Sinibaldi R, Casieri C, Melchionna S, Onori G, Segre A L, Viel S, Mannina L, De Luca F
SOFT-INFM-CNR Research Center and Dipartimento di Fisica, Università La Sapienza, I-00185 Roma, Italy.
J Phys Chem B. 2006 May 4;110(17):8885-92. doi: 10.1021/jp056897+.

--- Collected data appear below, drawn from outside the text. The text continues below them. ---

(* There is a function $l:\mathbb{N}\to\mathbb{N}$ such that for every $m$ and every graph $G$, every equivalence class of $\cong_m$ on $V(G)$ is a union of connected components of the graph of $\cong^D_{l(m)}$ on $V(G)$.
   Context: Graphs are finite, simple, undirected, loopless, possibly labelled with unary predicates from a finite set. $N(u)$ is the neighbourhood of $u$ and $D(u,v):=N(u)\,\Delta\,N(v)$. $u\cong_m v$ means Duplicator wins the standard $m$-round Ehrenfeucht–Fraïssé game on $(G,u)$ and $(G,v)$ (equivalently, $u,v$ satisfy the same FO formulas of quantifier rank $m$). Differential game from $(\bar a,\bar b)$ on a single graph $G$: in each round, with current tuples $(a_1,\dots,a_n),(b_1,\dots,b_n)$, Spoiler chooses $i\le n$ and $v\in D(a_i,b_i)$ and declares whether $v$ becomes $a_{n+1}$ or $b_{n+1}$ (if all $D(a_i,b_i)$ are empty, Duplicator wins); Duplicator answers with a vertex $w\in D(a_i,b_i)$ (same $i$), which becomes the other of $b_{n+1},a_{n+1}$. After the rounds, Duplicator wins iff $a_i\mapsto b_i$ is a label-preserving isomorphism between the induced subgraphs on the $a$'s and $b$'s (equalities, adjacencies, labels preserved). $u\cong^D_m v$ means Duplicator has a winning strategy in the $m$-round differential game from $((u),(v))$. The graph of this relation has vertex set $V(G)$ and an edge between distinct $u,v$ iff $u\cong^D_m v$. *)

theory Defs
  imports Main
begin

text \<open>Vertices are natural numbers (every finite graph is
isomorphic to one of this form); each vertex carries the set of unary labels it satisfies,
labels being drawn from a finite set of label names (natural numbers).\<close>

record graph =
  verts :: "nat set"
  adj   :: "nat \<Rightarrow> nat \<Rightarrow> bool"
  lab   :: "nat \<Rightarrow> nat set"

definition wf_graph :: "graph \<Rightarrow> bool" where
  "wf_graph G \<longleftrightarrow> finite (verts G)
     \<and> (\<forall>x y. adj G x y \<longrightarrow> x \<in> verts G \<and> y \<in> verts G)
     \<and> (\<forall>x y. adj G x y \<longrightarrow> adj G y x)
     \<and> (\<forall>x. \<not> adj G x x)
     \<and> finite (\<Union>v\<in>verts G. lab G v)"

definition nbhd :: "graph \<Rightarrow> nat \<Rightarrow> nat set" where
  "nbhd G u = {w \<in> verts G. adj G u w}"

definition Dset :: "graph \<Rightarrow> nat \<Rightarrow> nat \<Rightarrow> nat set" where
  "Dset G u v = (nbhd G u - nbhd G v) \<union> (nbhd G v - nbhd G u)"

text \<open>The map as!i \<mapsto> bs!i is a label-preserving isomorphism of induced subgraphs.\<close>
definition partial_iso :: "graph \<Rightarrow> nat list \<Rightarrow> nat list \<Rightarrow> bool" where
  "partial_iso G as bs \<longleftrightarrow> length as = length bs
     \<and> (\<forall>i<length as. \<forall>j<length as.
           (as!i = as!j \<longleftrightarrow> bs!i = bs!j) \<and> (adj G (as!i) (as!j) \<longleftrightarrow> adj G (bs!i) (bs!j)))
     \<and> (\<forall>i<length as. lab G (as!i) = lab G (bs!i))"

fun ef_win :: "graph \<Rightarrow> nat \<Rightarrow> nat list \<Rightarrow> nat list \<Rightarrow> bool" where
  "ef_win G 0 as bs = partial_iso G as bs"
| "ef_win G (Suc m) as bs =
     ((\<forall>a\<in>verts G. \<exists>b\<in>verts G. ef_win G m (as @ [a]) (bs @ [b]))
    \<and> (\<forall>b\<in>verts G. \<exists>a\<in>verts G. ef_win G m (as @ [a]) (bs @ [b])))"

definition ef_equiv :: "graph \<Rightarrow> nat \<Rightarrow> nat \<Rightarrow> nat \<Rightarrow> bool" where
  "ef_equiv G m u v \<longleftrightarrow> ef_win G m [u] [v]"

text \<open>Duplicator wins the differential game with m rounds left from (as, bs).
If all D(a_i,b_i) are empty the game ends and the final winning condition is evaluated.\<close>
fun diff_win :: "graph \<Rightarrow> nat \<Rightarrow> nat list \<Rightarrow> nat list \<Rightarrow> bool" where
  "diff_win G 0 as bs = partial_iso G as bs"
| "diff_win G (Suc m) as bs =
     (if (\<forall>i<length as. Dset G (as!i) (bs!i) = {}) then partial_iso G as bs
      else (\<forall>i<length as. \<forall>x\<in>Dset G (as!i) (bs!i).
              (\<exists>w\<in>Dset G (as!i) (bs!i). diff_win G m (as @ [x]) (bs @ [w]))
            \<and> (\<exists>w\<in>Dset G (as!i) (bs!i). diff_win G m (as @ [w]) (bs @ [x]))))"

definition diff_equiv :: "graph \<Rightarrow> nat \<Rightarrow> nat \<Rightarrow> nat \<Rightarrow> bool" where
  "diff_equiv G m u v \<longleftrightarrow> diff_win G m [u] [v]"

definition diff_graph_edge :: "graph \<Rightarrow> nat \<Rightarrow> nat \<Rightarrow> nat \<Rightarrow> bool" where
  "diff_graph_edge G m u v \<longleftrightarrow> u \<in> verts G \<and> v \<in> verts G \<and> u \<noteq> v \<and> diff_equiv G m u v"

definition same_component :: "graph \<Rightarrow> nat \<Rightarrow> nat \<Rightarrow> nat \<Rightarrow> bool" where
  "same_component G m u v \<longleftrightarrow> u \<in> verts G \<and> v \<in> verts G \<and> (diff_graph_edge G m)\<^sup>*\<^sup>* u v"

end

theory Submission
  imports Defs
begin

text \<open>Duplicator plays the EF game on (G, u), (G, v) by maintaining a winning position P of the
differential game from ((u), (v)). An EF move x that occurs in P is already answered, and one
that lies in a D-set of P is a differential move, answered by the differential strategy. A fresh
x is answered by x itself, or by u if x = v: the new pair has an empty D-set or the D-set of a
pair of P, so any differential play from the enlarged position is a play from P, and (x, x)
resp. (v, u) stays consistent as long as x is not touched by it; once x is touched, x is answered
as before. Simulating this costs k + 1 rounds on top of the k that are kept, so 2^m - 1
differential rounds suffice for m EF rounds, and the components follow since \<cong>_m is an
equivalence.\<close>

lemma Dset_commute: "Dset G a b = Dset G b a"
  unfolding Dset_def by blast

lemma Dset_subset_verts: "Dset G a b \<subseteq> verts G"
  unfolding Dset_def nbhd_def by blast

lemma mem_Dset_iff: "wf_graph G \<Longrightarrow> z \<in> Dset G a b \<longleftrightarrow> adj G a z \<noteq> adj G b z"
  unfolding Dset_def nbhd_def wf_graph_def by auto

lemma adj_commute: "wf_graph G \<Longrightarrow> adj G a b \<longleftrightarrow> adj G b a"
  unfolding wf_graph_def by blast

definition pair_iso :: "graph \<Rightarrow> (nat \<times> nat) set \<Rightarrow> bool" where
  "pair_iso G S \<longleftrightarrow> (\<forall>a b a' b'. (a, b) \<in> S \<longrightarrow> (a', b') \<in> S \<longrightarrow>
     lab G a = lab G b \<and> (a = a' \<longleftrightarrow> b = b') \<and> (adj G a a' \<longleftrightarrow> adj G b b'))"

lemma pair_iso_mono: "S \<subseteq> T \<Longrightarrow> pair_iso G T \<Longrightarrow> pair_iso G S"
  unfolding pair_iso_def by blast

lemma pair_iso_eq_iff:
  "pair_iso G S \<Longrightarrow> (a, b) \<in> S \<Longrightarrow> (a', b') \<in> S \<Longrightarrow> a = a' \<longleftrightarrow> b = b'"
  unfolding pair_iso_def by blast

lemma pair_iso_swap: "pair_iso G (prod.swap ` S) \<longleftrightarrow> pair_iso G S"
  unfolding pair_iso_def by auto

lemma pair_iso_insertI:
  assumes wf: "wf_graph G" and iso: "pair_iso G S" and lab: "lab G a = lab G b"
    and new: "\<And>a' b'. (a', b') \<in> S \<Longrightarrow> (a = a' \<longleftrightarrow> b = b') \<and> (adj G a a' \<longleftrightarrow> adj G b b')"
  shows "pair_iso G (insert (a, b) S)"
  unfolding pair_iso_def
proof (intro allI impI)
  fix c d c' d' assume "(c, d) \<in> insert (a, b) S" "(c', d') \<in> insert (a, b) S"
  moreover have "\<not> adj G a a" "\<not> adj G b b" using wf unfolding wf_graph_def by blast+
  ultimately show "lab G c = lab G d \<and> (c = c' \<longleftrightarrow> d = d') \<and> (adj G c c' \<longleftrightarrow> adj G d d')"
    using iso lab new[of c' d'] new[of c d] adj_commute[OF wf] unfolding pair_iso_def by auto
qed
text \<open>The balls landing at time \<open>c\<close> are exactly those thrown during one period towards
  a time \<open>\<equiv> c (mod n)\<close>: the potential \<open>P\<close> counts the balls in the air bound for such times.\<close>
lemma landing_count:
  assumes K: "lag_bounded K l" and c: "c < n"
  shows "l c 0 = (\<Sum>s<n. size (filter_mset (\<lambda>h. (s + h) mod n = c) (m s)))"
proof -
  define P where "P \<tau> = (\<Sum>d<K. if (\<tau> + d) mod n = c then l \<tau> d else 0)" for \<tau>
  define F where "F \<tau> = size (filter_mset (\<lambda>h. (\<tau> + h) mod n = c) (m \<tau>))" for \<tau>
  define E where "E \<tau> = (if \<tau> mod n = c then l \<tau> 0 else 0)" for \<tau>
  have step: "P (Suc \<tau>) + E \<tau> = P \<tau> + F \<tau>" for \<tau>
  proof -
    have "P (Suc \<tau>) = (\<Sum>d<K. if (\<tau> + Suc d) mod n = c then l \<tau> (Suc d) else 0) +
                      (\<Sum>d<K. if (\<tau> + Suc d) mod n = c then count (m \<tau>) (Suc d) else 0)"
      unfolding P_def landing_step sum.distrib[symmetric] by (intro sum.cong) auto
    also have "(\<Sum>d<K. if (\<tau> + Suc d) mod n = c then count (m \<tau>) (Suc d) else 0) = F \<tau>"
      unfolding F_def by (rule size_filter_mset_eq_sum_count[OF landing_throw_heights[OF K], symmetric])
    finally show ?thesis
      using sum_lessThan_shift_vanishing[of "\<lambda>d. if (\<tau> + d) mod n = c then l \<tau> d else 0" K] K
      by (simp add: P_def E_def lag_bounded_def)
  qed
  have ln: "l n = l 0" using landing_periodic[of 0] by simp
  have "P n = P 0" unfolding P_def ln by simp
  then have "(\<Sum>\<tau><n. P (Suc \<tau>)) = (\<Sum>\<tau><n. P \<tau>)" by (rule sum_lessThan_shift_periodic)
  moreover have "(\<Sum>\<tau><n. P (Suc \<tau>)) + (\<Sum>\<tau><n. E \<tau>) = (\<Sum>\<tau><n. P \<tau>) + (\<Sum>\<tau><n. F \<tau>)"
    using step by (simp add: sum.distrib[symmetric])
  moreover have "(\<Sum>\<tau><n. E \<tau>) = (\<Sum>\<tau><n. if \<tau> = c then l \<tau> 0 else 0)"
    unfolding E_def by (intro sum.cong) auto
  ultimately show ?thesis unfolding F_def using c by simp
qed

lemma landing_unroll: "l (t + j) d = l t (d + j) + (\<Sum>k<j. count (m (t + k)) (d + j - k))"
proof (induction j arbitrary: d)
  case (Suc j)
  have "l (t + Suc j) d = l (t + j) (Suc d) + count (m (t + j)) (Suc d)"
    using landing_step by simp
  also have "\<dots> = l t (d + Suc j) + (\<Sum>k<Suc j. count (m (t + k)) (d + Suc j - k))"
    using Suc.IH[of "Suc d"] by simp
  finally show ?case .
qed simp

end

lemma landing_schedule_unique:
  assumes n: "n \<ge> 1" and "landing_schedule n l m" "landing_schedule n l' m"
    and "lag_bounded K l" "lag_bounded K l'"
  shows "l = l'"
proof (intro ext)
  fix t d
  have vanish: "l t (d + n * K) = 0" "l' t (d + n * K) = 0"
    using assms(4,5) n unfolding lag_bounded_def by (metis le_add2 mult_le_mono1 mult_1 le_trans)+
  have "l t d = l (t + n * K) d" "l' t d = l' (t + n * K) d"
    using periodic_add_mult[of l n t K] periodic_add_mult[of l' n t K]
      landing_periodic[OF assms(2)] landing_periodic[OF assms(3)] by simp_all
  then show "l t d = l' t d"
    using landing_unroll[OF assms(2), of t "n * K" d] landing_unroll[OF assms(3), of t "n * K" d] vanish
    by simp
qed

lemma landing_schedule_throws_unique:
  assumes "landing_schedule n l m" "landing_schedule n l m'"
  shows "m = m'"
proof (intro ext multiset_eqI)
  fix t h
  show "count (m t) h = count (m' t) h"
  proof (cases h)
    case 0
    then show ?thesis using assms unfolding landing_schedule_def by (simp add: not_in_iff)
  next
    case (Suc d)
    then show ?thesis using landing_step[OF assms(1), of t d] landing_step[OF assms(2), of t d] by simp
  qed
qed

context
  fixes n :: nat and l :: "nat \<Rightarrow> nat \<Rightarrow> nat" and m :: "nat \<Rightarrow> nat multiset" and K :: nat
  assumes sched: "landing_schedule n l m" and lands: "\<And>t. l t 0 = size (m t)"
    and K: "lag_bounded K l"
begin
theorem distr_lborel_pi_polar:
  fixes I :: "'i set"
  assumes I: "finite I" "I \<noteq> {}"
  shows "distr (lborel_pi I) (borel \<Otimes>\<^sub>M lborel_pi I) (\<lambda>x. (sqnorm I x, direction I x))
       = radial_measure (card I) \<Otimes>\<^sub>M sphere_measure I"
proof (rule pair_measure_eqI[symmetric])
  interpret finite_measure "sphere_measure I" using finite_measure_sphere_measure[OF I(1)] .
  show "sigma_finite_measure (radial_measure (card I))" by (rule sigma_finite_radial_measure)
  show "sigma_finite_measure (sphere_measure I)" ..
  show "sets (radial_measure (card I) \<Otimes>\<^sub>M sphere_measure I)
      = sets (distr (lborel_pi I) (borel \<Otimes>\<^sub>M lborel_pi I) (\<lambda>x. (sqnorm I x, direction I x)))"
    by (simp cong: sets_pair_measure_cong)
  fix A B assume A: "A \<in> sets (radial_measure (card I))" and B: "B \<in> sets (sphere_measure I)"
  define C where "C = direction I -` B \<inter> space (lborel_pi I)"
  have C_sets: "C \<in> sets (lborel_pi I)"
    unfolding C_def using measurable_sets[OF direction_measurable[OF I(1)], of B] B by simp
  have "dilation_invariant I C"
    unfolding dilation_invariant_def C_def by (auto simp: direction_dilate dilate_in_space)
  have "emeasure (distr (lborel_pi I) (borel \<Otimes>\<^sub>M lborel_pi I) (\<lambda>x. (sqnorm I x, direction I x))) (A \<times> B)
      = emeasure (lborel_pi I) ((\<lambda>x. (sqnorm I x, direction I x)) -` (A \<times> B) \<inter> space (lborel_pi I))"
    using A B I by (intro emeasure_distr) auto
  also have "(\<lambda>x. (sqnorm I x, direction I x)) -` (A \<times> B) \<inter> space (lborel_pi I) = C \<inter> sqnorm I -` A"
    unfolding C_def by auto
  also have "emeasure (lborel_pi I) (C \<inter> sqnorm I -` A)
      = emeasure (lborel_pi I) (C \<inter> {x. sqnorm I x \<le> 1}) * emeasure (radial_measure (card I)) A"
    using A by (intro emeasure_dilation_invariant_sqnorm_vimage[OF I \<open>dilation_invariant I C\<close> C_sets]) auto
  also have "emeasure (lborel_pi I) (C \<inter> {x. sqnorm I x \<le> 1}) = emeasure (sphere_measure I) B"
    unfolding C_def using B I by (simp add: emeasure_sphere_measure)
  finally show "emeasure (radial_measure (card I)) A * emeasure (sphere_measure I) B
      = emeasure (distr (lborel_pi I) (borel \<Otimes>\<^sub>M lborel_pi I) (\<lambda>x. (sqnorm I x, direction I x))) (A \<times> B)"
    by (simp add: mult.commute)
qed

lemma nn_integral_polar:
  fixes I :: "'i set"
  assumes I: "finite I" "I \<noteq> {}" and F[measurable]: "F \<in> borel_measurable (lborel_pi I)"
  shows "(\<integral>\<^sup>+ x. F x \<partial>lborel_pi I)
       = (\<integral>\<^sup>+ w. \<integral>\<^sup>+ u. F (dilate I (sqrt u) w) \<partial>radial_measure (card I) \<partial>sphere_measure I)"
proof -
  interpret sphere: finite_measure "sphere_measure I" using finite_measure_sphere_measure[OF I(1)] .
  interpret pair_sigma_finite "radial_measure (card I)" "sphere_measure I"
    using sigma_finite_radial_measure
    by (intro pair_sigma_finite.intro) (auto intro: sphere.sigma_finite_measure_axioms)
  have "(\<integral>\<^sup>+ x. F x \<partial>lborel_pi I)
      = (\<integral>\<^sup>+ x. (\<lambda>(u, w). F (dilate I (sqrt u) w)) (sqnorm I x, direction I x) \<partial>lborel_pi I)"
    by (intro nn_integral_cong_AE, rule AE_mp[OF AE_sqnorm_nonzero[OF I]])
      (auto intro!: AE_I2 simp: dilate_direction)
  also have "\<dots> = (\<integral>\<^sup>+ p. (\<lambda>(u, w). F (dilate I (sqrt u) w)) p
      \<partial>distr (lborel_pi I) (borel \<Otimes>\<^sub>M lborel_pi I) (\<lambda>x. (sqnorm I x, direction I x)))"
    using I by (subst nn_integral_distr) auto
  also have "\<dots> = (\<integral>\<^sup>+ w. \<integral>\<^sup>+ u. F (dilate I (sqrt u) w) \<partial>radial_measure (card I) \<partial>sphere_measure I)"
    using I by (simp add: distr_lborel_pi_polar nn_integral_snd[symmetric])
  finally show ?thesis .
qed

Two binary aqueous mixtures which contain the small amphiphilic molecules TMAO (trimethylamine-N-oxide) and TBA (tert-butyl alcohol) have been investigated by molecular dynamics simulations and NMR chemical shift and self-diffusion measurements. TMAO is an osmolyte, while TBA is a monohydrate alcohol. Both possess bulky hydrophobic groups and polar heads, namely, NO in TMAO and OH in TBA. The hydrophilic/hydrophobic content of these isosteric molecules strongly modulates the structure and dynamics of the hydration shell, which is thought to be responsible for the effects observed on proteins and phospholipids. Simulation results, especially on hydrogen-bond networking, spatial correlations, and self-diffusivity, are consistent with NMR data and agree well with previous numerical studies on similar solutions. The methods employed allow the elucidation of the microscopic features of the solutions. For TBA solutions, the hydration shell is found to have a low density and a large spatial spread, and thus, above the molar fraction of 0.03, reduction of hydrophobic hydration drives self-aggregation of the solute. This effect does not take place in TMAO solutions, where the hydration shell is more compact and stable, maintaining its structure over a wider range of solute concentrations.
通过分子动力学模拟以及核磁共振化学位移和自扩散测量,对两种包含两亲性小分子三甲胺 - N - 氧化物(TMAO)和叔丁醇(TBA)的二元水混合物进行了研究。TMAO是一种渗透溶质,而TBA是一种一元醇水合物。两者都具有庞大的疏水基团和极性头,即TMAO中的N⁺O⁻和TBA中的 - OH。这些等电子分子的亲水/疏水含量强烈调节水合壳层的结构和动力学,而水合壳层被认为是对蛋白质和磷脂产生观察到的影响的原因。模拟结果,特别是关于氢键网络、空间相关性和自扩散率的结果,与核磁共振数据一致,并且与先前对类似溶液的数值研究结果吻合良好。所采用的方法能够阐明溶液的微观特征。对于TBA溶液,发现水合壳层密度低且空间分布广,因此,在摩尔分数高于0.03时,疏水水合作用的减弱会促使溶质发生自聚集。这种效应在TMAO溶液中不会发生,在TMAO溶液中,水合壳层更紧密且稳定,在更宽的溶质浓度范围内保持其结构。